Extracted records:
lemma integral_norm_deviation_le_at_dense_point:
  fixes g :: "'n::euclidean_space \<Rightarrow> 'a::euclidean_space"
  assumes g: "g \<in> borel_measurable borel" and M: "\<And>s. norm (g s) \<le> M"
    and q: "dist (g t) q < r" and dense: "t \<notin> low_density_points (g -` ball q r) e"
  shows "\<exists>\<delta>>0. \<forall>d. 0 < d \<and> d < \<delta> \<longrightarrow>
    integral (cball t d) (\<lambda>s. norm (g s - g t)) \<le> (2 * r + 2 * M * e) * measure lebesgue (cball t d)"
proof -
  let ?E = "g -` ball q r"
  have E: "?E \<in> sets lebesgue"
    using measurable_sets_borel[OF g, of "ball q r"] by (simp add: sets_completionI_sets)
  have "t \<in> ?E"
    using q by (simp add: dist_commute)
  with dense obtain \<delta> where \<delta>: "\<delta> > 0"
    "\<And>d. 0 < d \<Longrightarrow> d < \<delta> \<Longrightarrow> measure lebesgue (cball t d - ?E) < e * measure lebesgue (cball t d)"
    unfolding low_density_points_def by (auto simp: not_le)
  have close: "norm (g s - g t) \<le> 2 * r" if "s \<in> ?E" for s
    using that q dist_triangle_less_add[of "g s" q r "g t" r] by (simp add: dist_commute dist_norm)
  have "0 \<le> M" "0 \<le> 2 * r"
    using M[of t] norm_ge_zero[of "g t"] q zero_le_dist[of "g t" q] by linarith+
  have "integral (cball t d) (\<lambda>s. norm (g s - g t)) \<le> (2 * r + 2 * M * e) * measure lebesgue (cball t d)"
    if d: "0 < d" "d < \<delta>" for d
  proof -
    have "integral (cball t d) (\<lambda>s. norm (g s - g t))
        \<le> 2 * r * measure lebesgue (cball t d) + 2 * M * measure lebesgue (cball t d - ?E)"
      by (rule integral_norm_deviation_le[OF g M M lmeasurable_cball E close \<open>0 \<le> 2 * r\<close>])
    also have "\<dots> \<le> 2 * r * measure lebesgue (cball t d) + 2 * M * (e * measure lebesgue (cball t d))"
      using \<delta>(2)[OF d] \<open>0 \<le> M\<close> by (intro add_left_mono mult_left_mono) auto
    finally show ?thesis
      by (simp add: algebra_simps)
  qed
  with \<delta>(1) show ?thesis
    by blast
qed

lemma bounded_measurable_lebesgue_points:
  fixes g :: "'n::euclidean_space \<Rightarrow> 'a::euclidean_space"
  assumes g: "g \<in> borel_measurable borel" and M: "\<And>s. norm (g s) \<le> M"
  obtains Z where "negligible Z"
    "\<And>t \<epsilon>. t \<notin> Z \<Longrightarrow> \<epsilon> > 0 \<Longrightarrow> \<exists>\<delta>>0. \<forall>d. 0 < d \<and> d < \<delta> \<longrightarrow>
        integral (cball t d) (\<lambda>s. norm (g s - g t)) \<le> \<epsilon> * measure lebesgue (cball t d)"
proof -
  obtain D :: "'a set" where D: "countable D" "\<And>X. open X \<Longrightarrow> X \<noteq> {} \<Longrightarrow> \<exists>q\<in>D. q \<in> X"
    using countable_dense_exists by blast
  define Z where "Z = (\<Union>(q, r, e)\<in>D \<times> \<rat> \<times> (\<rat> \<inter> {0<..}). low_density_points (g -` ball q r) e)"
  have "negligible Z"
    unfolding Z_def using D(1) countable_rat measurable_sets_borel[OF g]
    by (intro negligible_countable_Union countable_image countable_SIGMA)
       (auto intro!: negligible_low_density_points sets_completionI_sets)
  moreover have "\<exists>\<delta>>0. \<forall>d. 0 < d \<and> d < \<delta> \<longrightarrow>
      integral (cball t d) (\<lambda>s. norm (g s - g t)) \<le> \<epsilon> * measure lebesgue (cball t d)"
    if t: "t \<notin> Z" and \<epsilon>: "\<epsilon> > 0" for t \<epsilon>
  proof -
    have "0 \<le> M"
      using M[of t] norm_ge_zero order_trans by blast
    obtain r where r: "r \<in> \<rat>" "0 < r" "r < \<epsilon> / 4"
      using Rats_dense_in_real[of 0 "\<epsilon> / 4"] \<epsilon> by auto
    obtain e where e: "e \<in> \<rat>" "0 < e" "e < \<epsilon> / (4 * (M + 1))"
      using Rats_dense_in_real[of 0 "\<epsilon> / (4 * (M + 1))"] \<epsilon> \<open>0 \<le> M\<close> by auto
    obtain q where q: "q \<in> D" "dist (g t) q < r"
      using D(2)[of "ball (g t) r"] r(2) by auto
    have "t \<notin> low_density_points (g -` ball q r) e"
      using t q(1) r(1) e(1,2) unfolding Z_def by blast
    then obtain \<delta> where \<delta>: "\<delta> > 0" "\<forall>d. 0 < d \<and> d < \<delta> \<longrightarrow>
        integral (cball t d) (\<lambda>s. norm (g s - g t)) \<le> (2 * r + 2 * M * e) * measure lebesgue (cball t d)"
      using integral_norm_deviation_le_at_dense_point[OF g M q(2)] by blast
    have small: "2 * r + 2 * M * e \<le> \<epsilon>"
    proof -
      have "M * e \<le> (M + 1) * e" using e(2) by simp
      also have "\<dots> \<le> \<epsilon> / 4"
        using e(3) \<open>0 \<le> M\<close> by (simp add: field_simps)
      finally show ?thesis using r(3) by simp
    qed
    show ?thesis
    proof (intro exI conjI allI impI)
      fix d assume "0 < d \<and> d < \<delta>"
      then have "integral (cball t d) (\<lambda>s. norm (g s - g t))
          \<le> (2 * r + 2 * M * e) * measure lebesgue (cball t d)"
        using \<delta>(2) by blast
      also have "\<dots> \<le> \<epsilon> * measure lebesgue (cball t d)"
        using small by (rule mult_right_mono) simp
      finally show "integral (cball t d) (\<lambda>s. norm (g s - g t)) \<le> \<epsilon> * measure lebesgue (cball t d)" .
    qed (rule \<delta>(1))
  qed
  ultimately show ?thesis using that by blast
qed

## Problem statement
Whichever lines of the records above hold the word "close" should all be copied out.

## Finished exercise
  have close: "norm (g s - g t) \<le> 2 * r" if "s \<in> ?E" for s
      by (rule integral_norm_deviation_le[OF g M M lmeasurable_cball E close \<open>0 \<le> 2 * r\<close>])
      using \<delta>(2)[OF d] \<open>0 \<le> M\<close> by (intro add_left_mono mult_left_mono) auto
      using Rats_dense_in_real[of 0 "\<epsilon> / (4 * (M + 1))"] \<epsilon> \<open>0 \<le> M\<close> by auto
        using e(3) \<open>0 \<le> M\<close> by (simp add: field_simps)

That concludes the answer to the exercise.